» PROBLEM REQUIREMENTS
Could the data underneath be repeated exactly, in full?
[STORED DATA — start]
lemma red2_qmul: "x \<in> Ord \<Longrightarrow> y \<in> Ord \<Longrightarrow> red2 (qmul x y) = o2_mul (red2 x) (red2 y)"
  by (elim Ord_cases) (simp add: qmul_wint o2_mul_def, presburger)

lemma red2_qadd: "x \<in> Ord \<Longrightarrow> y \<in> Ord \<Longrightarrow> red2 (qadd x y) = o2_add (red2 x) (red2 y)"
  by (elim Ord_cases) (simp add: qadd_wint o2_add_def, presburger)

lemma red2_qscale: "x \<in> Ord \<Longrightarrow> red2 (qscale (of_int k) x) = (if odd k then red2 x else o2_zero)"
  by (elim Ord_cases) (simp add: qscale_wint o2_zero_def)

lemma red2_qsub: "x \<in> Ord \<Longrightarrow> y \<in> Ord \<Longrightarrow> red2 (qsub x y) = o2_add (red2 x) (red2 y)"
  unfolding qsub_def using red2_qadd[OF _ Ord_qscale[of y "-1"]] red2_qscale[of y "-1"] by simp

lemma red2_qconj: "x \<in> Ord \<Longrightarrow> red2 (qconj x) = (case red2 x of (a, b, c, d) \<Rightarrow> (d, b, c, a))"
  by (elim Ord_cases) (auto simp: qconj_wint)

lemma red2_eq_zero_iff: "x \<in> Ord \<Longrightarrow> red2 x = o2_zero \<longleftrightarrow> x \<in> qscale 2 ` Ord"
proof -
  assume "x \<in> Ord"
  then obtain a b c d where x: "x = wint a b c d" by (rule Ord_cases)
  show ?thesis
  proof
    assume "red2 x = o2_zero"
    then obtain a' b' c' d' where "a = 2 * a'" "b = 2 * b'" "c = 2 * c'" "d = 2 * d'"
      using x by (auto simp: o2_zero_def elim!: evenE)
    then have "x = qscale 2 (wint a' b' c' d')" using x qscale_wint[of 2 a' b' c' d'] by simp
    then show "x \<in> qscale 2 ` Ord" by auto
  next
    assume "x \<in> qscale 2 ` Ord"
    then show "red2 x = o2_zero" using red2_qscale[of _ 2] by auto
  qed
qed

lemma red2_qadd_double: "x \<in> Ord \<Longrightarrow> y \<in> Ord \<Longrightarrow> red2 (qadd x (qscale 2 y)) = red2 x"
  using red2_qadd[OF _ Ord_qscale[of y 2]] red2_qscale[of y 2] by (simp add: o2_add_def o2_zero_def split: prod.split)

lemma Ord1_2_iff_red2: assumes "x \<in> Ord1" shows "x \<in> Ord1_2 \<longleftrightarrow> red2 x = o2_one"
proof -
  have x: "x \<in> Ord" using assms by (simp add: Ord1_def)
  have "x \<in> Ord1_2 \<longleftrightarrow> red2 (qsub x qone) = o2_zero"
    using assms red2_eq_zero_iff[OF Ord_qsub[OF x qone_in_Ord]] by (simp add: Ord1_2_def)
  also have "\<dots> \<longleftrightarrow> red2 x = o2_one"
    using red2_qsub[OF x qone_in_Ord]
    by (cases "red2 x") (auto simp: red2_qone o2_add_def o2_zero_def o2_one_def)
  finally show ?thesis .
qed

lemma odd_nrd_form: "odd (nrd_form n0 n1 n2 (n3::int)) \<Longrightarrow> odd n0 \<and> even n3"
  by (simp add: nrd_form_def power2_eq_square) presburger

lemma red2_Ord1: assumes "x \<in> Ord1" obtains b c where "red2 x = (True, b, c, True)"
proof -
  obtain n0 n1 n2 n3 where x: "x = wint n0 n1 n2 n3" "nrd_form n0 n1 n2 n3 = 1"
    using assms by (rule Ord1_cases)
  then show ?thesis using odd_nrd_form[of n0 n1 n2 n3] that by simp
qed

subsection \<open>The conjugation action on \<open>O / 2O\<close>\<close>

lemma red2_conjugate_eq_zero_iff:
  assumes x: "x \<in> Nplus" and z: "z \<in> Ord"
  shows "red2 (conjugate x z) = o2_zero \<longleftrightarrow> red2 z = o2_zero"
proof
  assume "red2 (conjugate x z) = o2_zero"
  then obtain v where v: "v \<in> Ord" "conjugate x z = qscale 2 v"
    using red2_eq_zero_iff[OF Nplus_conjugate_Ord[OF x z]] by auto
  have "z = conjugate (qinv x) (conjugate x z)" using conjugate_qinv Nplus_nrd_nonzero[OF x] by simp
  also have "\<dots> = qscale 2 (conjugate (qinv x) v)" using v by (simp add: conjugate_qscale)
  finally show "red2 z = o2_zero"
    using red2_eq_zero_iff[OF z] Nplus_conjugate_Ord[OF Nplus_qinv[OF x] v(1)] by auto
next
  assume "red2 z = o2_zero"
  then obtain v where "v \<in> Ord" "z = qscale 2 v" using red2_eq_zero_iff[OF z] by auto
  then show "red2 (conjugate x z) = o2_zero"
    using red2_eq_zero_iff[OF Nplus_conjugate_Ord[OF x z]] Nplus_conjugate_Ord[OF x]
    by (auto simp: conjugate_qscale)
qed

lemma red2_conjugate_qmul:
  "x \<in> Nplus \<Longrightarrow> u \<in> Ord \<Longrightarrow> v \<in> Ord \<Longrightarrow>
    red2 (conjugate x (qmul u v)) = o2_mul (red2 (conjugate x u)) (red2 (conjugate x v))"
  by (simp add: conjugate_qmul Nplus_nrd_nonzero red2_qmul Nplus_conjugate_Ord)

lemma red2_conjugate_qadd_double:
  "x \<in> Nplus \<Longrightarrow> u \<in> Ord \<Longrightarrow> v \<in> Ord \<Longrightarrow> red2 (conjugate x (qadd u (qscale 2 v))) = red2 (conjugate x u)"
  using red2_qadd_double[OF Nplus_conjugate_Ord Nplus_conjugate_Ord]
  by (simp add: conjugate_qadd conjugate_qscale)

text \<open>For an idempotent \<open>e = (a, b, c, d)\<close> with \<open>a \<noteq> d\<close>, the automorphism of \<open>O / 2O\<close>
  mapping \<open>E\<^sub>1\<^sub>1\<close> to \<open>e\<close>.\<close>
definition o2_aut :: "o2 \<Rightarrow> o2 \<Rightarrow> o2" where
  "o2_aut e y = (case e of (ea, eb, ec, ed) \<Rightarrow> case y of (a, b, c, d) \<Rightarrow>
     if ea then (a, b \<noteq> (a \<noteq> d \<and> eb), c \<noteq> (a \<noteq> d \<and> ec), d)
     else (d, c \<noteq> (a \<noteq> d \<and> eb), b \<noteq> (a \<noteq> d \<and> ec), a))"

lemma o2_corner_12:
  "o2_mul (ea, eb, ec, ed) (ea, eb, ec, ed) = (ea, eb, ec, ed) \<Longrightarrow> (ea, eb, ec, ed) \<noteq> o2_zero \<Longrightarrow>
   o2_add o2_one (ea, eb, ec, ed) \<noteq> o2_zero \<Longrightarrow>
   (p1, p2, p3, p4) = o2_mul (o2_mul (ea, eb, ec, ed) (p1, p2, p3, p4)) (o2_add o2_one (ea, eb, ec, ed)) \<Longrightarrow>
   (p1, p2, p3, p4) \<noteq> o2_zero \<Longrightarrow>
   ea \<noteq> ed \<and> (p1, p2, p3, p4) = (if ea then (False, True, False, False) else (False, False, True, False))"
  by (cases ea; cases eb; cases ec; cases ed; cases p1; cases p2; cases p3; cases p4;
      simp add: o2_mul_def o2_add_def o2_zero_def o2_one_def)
[STORED DATA — finish]
» PROBLEM SOLUTION
lemma red2_qmul: "x \<in> Ord \<Longrightarrow> y \<in> Ord \<Longrightarrow> red2 (qmul x y) = o2_mul (red2 x) (red2 y)"
  by (elim Ord_cases) (simp add: qmul_wint o2_mul_def, presburger)

lemma red2_qadd: "x \<in> Ord \<Longrightarrow> y \<in> Ord \<Longrightarrow> red2 (qadd x y) = o2_add (red2 x) (red2 y)"
  by (elim Ord_cases) (simp add: qadd_wint o2_add_def, presburger)

lemma red2_qscale: "x \<in> Ord \<Longrightarrow> red2 (qscale (of_int k) x) = (if odd k then red2 x else o2_zero)"
  by (elim Ord_cases) (simp add: qscale_wint o2_zero_def)

lemma red2_qsub: "x \<in> Ord \<Longrightarrow> y \<in> Ord \<Longrightarrow> red2 (qsub x y) = o2_add (red2 x) (red2 y)"
  unfolding qsub_def using red2_qadd[OF _ Ord_qscale[of y "-1"]] red2_qscale[of y "-1"] by simp

lemma red2_qconj: "x \<in> Ord \<Longrightarrow> red2 (qconj x) = (case red2 x of (a, b, c, d) \<Rightarrow> (d, b, c, a))"
  by (elim Ord_cases) (auto simp: qconj_wint)

lemma red2_eq_zero_iff: "x \<in> Ord \<Longrightarrow> red2 x = o2_zero \<longleftrightarrow> x \<in> qscale 2 ` Ord"
proof -
  assume "x \<in> Ord"
  then obtain a b c d where x: "x = wint a b c d" by (rule Ord_cases)
  show ?thesis
  proof
    assume "red2 x = o2_zero"
    then obtain a' b' c' d' where "a = 2 * a'" "b = 2 * b'" "c = 2 * c'" "d = 2 * d'"
      using x by (auto simp: o2_zero_def elim!: evenE)
    then have "x = qscale 2 (wint a' b' c' d')" using x qscale_wint[of 2 a' b' c' d'] by simp
    then show "x \<in> qscale 2 ` Ord" by auto
  next
    assume "x \<in> qscale 2 ` Ord"
    then show "red2 x = o2_zero" using red2_qscale[of _ 2] by auto
  qed
qed

lemma red2_qadd_double: "x \<in> Ord \<Longrightarrow> y \<in> Ord \<Longrightarrow> red2 (qadd x (qscale 2 y)) = red2 x"
  using red2_qadd[OF _ Ord_qscale[of y 2]] red2_qscale[of y 2] by (simp add: o2_add_def o2_zero_def split: prod.split)

lemma Ord1_2_iff_red2: assumes "x \<in> Ord1" shows "x \<in> Ord1_2 \<longleftrightarrow> red2 x = o2_one"
proof -
  have x: "x \<in> Ord" using assms by (simp add: Ord1_def)
  have "x \<in> Ord1_2 \<longleftrightarrow> red2 (qsub x qone) = o2_zero"
    using assms red2_eq_zero_iff[OF Ord_qsub[OF x qone_in_Ord]] by (simp add: Ord1_2_def)
  also have "\<dots> \<longleftrightarrow> red2 x = o2_one"
    using red2_qsub[OF x qone_in_Ord]
    by (cases "red2 x") (auto simp: red2_qone o2_add_def o2_zero_def o2_one_def)
  finally show ?thesis .
qed

lemma odd_nrd_form: "odd (nrd_form n0 n1 n2 (n3::int)) \<Longrightarrow> odd n0 \<and> even n3"
  by (simp add: nrd_form_def power2_eq_square) presburger

lemma red2_Ord1: assumes "x \<in> Ord1" obtains b c where "red2 x = (True, b, c, True)"
proof -
  obtain n0 n1 n2 n3 where x: "x = wint n0 n1 n2 n3" "nrd_form n0 n1 n2 n3 = 1"
    using assms by (rule Ord1_cases)
  then show ?thesis using odd_nrd_form[of n0 n1 n2 n3] that by simp
qed

subsection \<open>The conjugation action on \<open>O / 2O\<close>\<close>

lemma red2_conjugate_eq_zero_iff:
  assumes x: "x \<in> Nplus" and z: "z \<in> Ord"
  shows "red2 (conjugate x z) = o2_zero \<longleftrightarrow> red2 z = o2_zero"
proof
  assume "red2 (conjugate x z) = o2_zero"
  then obtain v where v: "v \<in> Ord" "conjugate x z = qscale 2 v"
    using red2_eq_zero_iff[OF Nplus_conjugate_Ord[OF x z]] by auto
  have "z = conjugate (qinv x) (conjugate x z)" using conjugate_qinv Nplus_nrd_nonzero[OF x] by simp
  also have "\<dots> = qscale 2 (conjugate (qinv x) v)" using v by (simp add: conjugate_qscale)
  finally show "red2 z = o2_zero"
    using red2_eq_zero_iff[OF z] Nplus_conjugate_Ord[OF Nplus_qinv[OF x] v(1)] by auto
next
  assume "red2 z = o2_zero"
  then obtain v where "v \<in> Ord" "z = qscale 2 v" using red2_eq_zero_iff[OF z] by auto
  then show "red2 (conjugate x z) = o2_zero"
    using red2_eq_zero_iff[OF Nplus_conjugate_Ord[OF x z]] Nplus_conjugate_Ord[OF x]
    by (auto simp: conjugate_qscale)
qed

lemma red2_conjugate_qmul:
  "x \<in> Nplus \<Longrightarrow> u \<in> Ord \<Longrightarrow> v \<in> Ord \<Longrightarrow>
    red2 (conjugate x (qmul u v)) = o2_mul (red2 (conjugate x u)) (red2 (conjugate x v))"
  by (simp add: conjugate_qmul Nplus_nrd_nonzero red2_qmul Nplus_conjugate_Ord)

lemma red2_conjugate_qadd_double:
  "x \<in> Nplus \<Longrightarrow> u \<in> Ord \<Longrightarrow> v \<in> Ord \<Longrightarrow> red2 (conjugate x (qadd u (qscale 2 v))) = red2 (conjugate x u)"
  using red2_qadd_double[OF Nplus_conjugate_Ord Nplus_conjugate_Ord]
  by (simp add: conjugate_qadd conjugate_qscale)

text \<open>For an idempotent \<open>e = (a, b, c, d)\<close> with \<open>a \<noteq> d\<close>, the automorphism of \<open>O / 2O\<close>
  mapping \<open>E\<^sub>1\<^sub>1\<close> to \<open>e\<close>.\<close>
definition o2_aut :: "o2 \<Rightarrow> o2 \<Rightarrow> o2" where
  "o2_aut e y = (case e of (ea, eb, ec, ed) \<Rightarrow> case y of (a, b, c, d) \<Rightarrow>
     if ea then (a, b \<noteq> (a \<noteq> d \<and> eb), c \<noteq> (a \<noteq> d \<and> ec), d)
     else (d, c \<noteq> (a \<noteq> d \<and> eb), b \<noteq> (a \<noteq> d \<and> ec), a))"

lemma o2_corner_12:
  "o2_mul (ea, eb, ec, ed) (ea, eb, ec, ed) = (ea, eb, ec, ed) \<Longrightarrow> (ea, eb, ec, ed) \<noteq> o2_zero \<Longrightarrow>
   o2_add o2_one (ea, eb, ec, ed) \<noteq> o2_zero \<Longrightarrow>
   (p1, p2, p3, p4) = o2_mul (o2_mul (ea, eb, ec, ed) (p1, p2, p3, p4)) (o2_add o2_one (ea, eb, ec, ed)) \<Longrightarrow>
   (p1, p2, p3, p4) \<noteq> o2_zero \<Longrightarrow>
   ea \<noteq> ed \<and> (p1, p2, p3, p4) = (if ea then (False, True, False, False) else (False, False, True, False))"
  by (cases ea; cases eb; cases ec; cases ed; cases p1; cases p2; cases p3; cases p4;
      simp add: o2_mul_def o2_add_def o2_zero_def o2_one_def)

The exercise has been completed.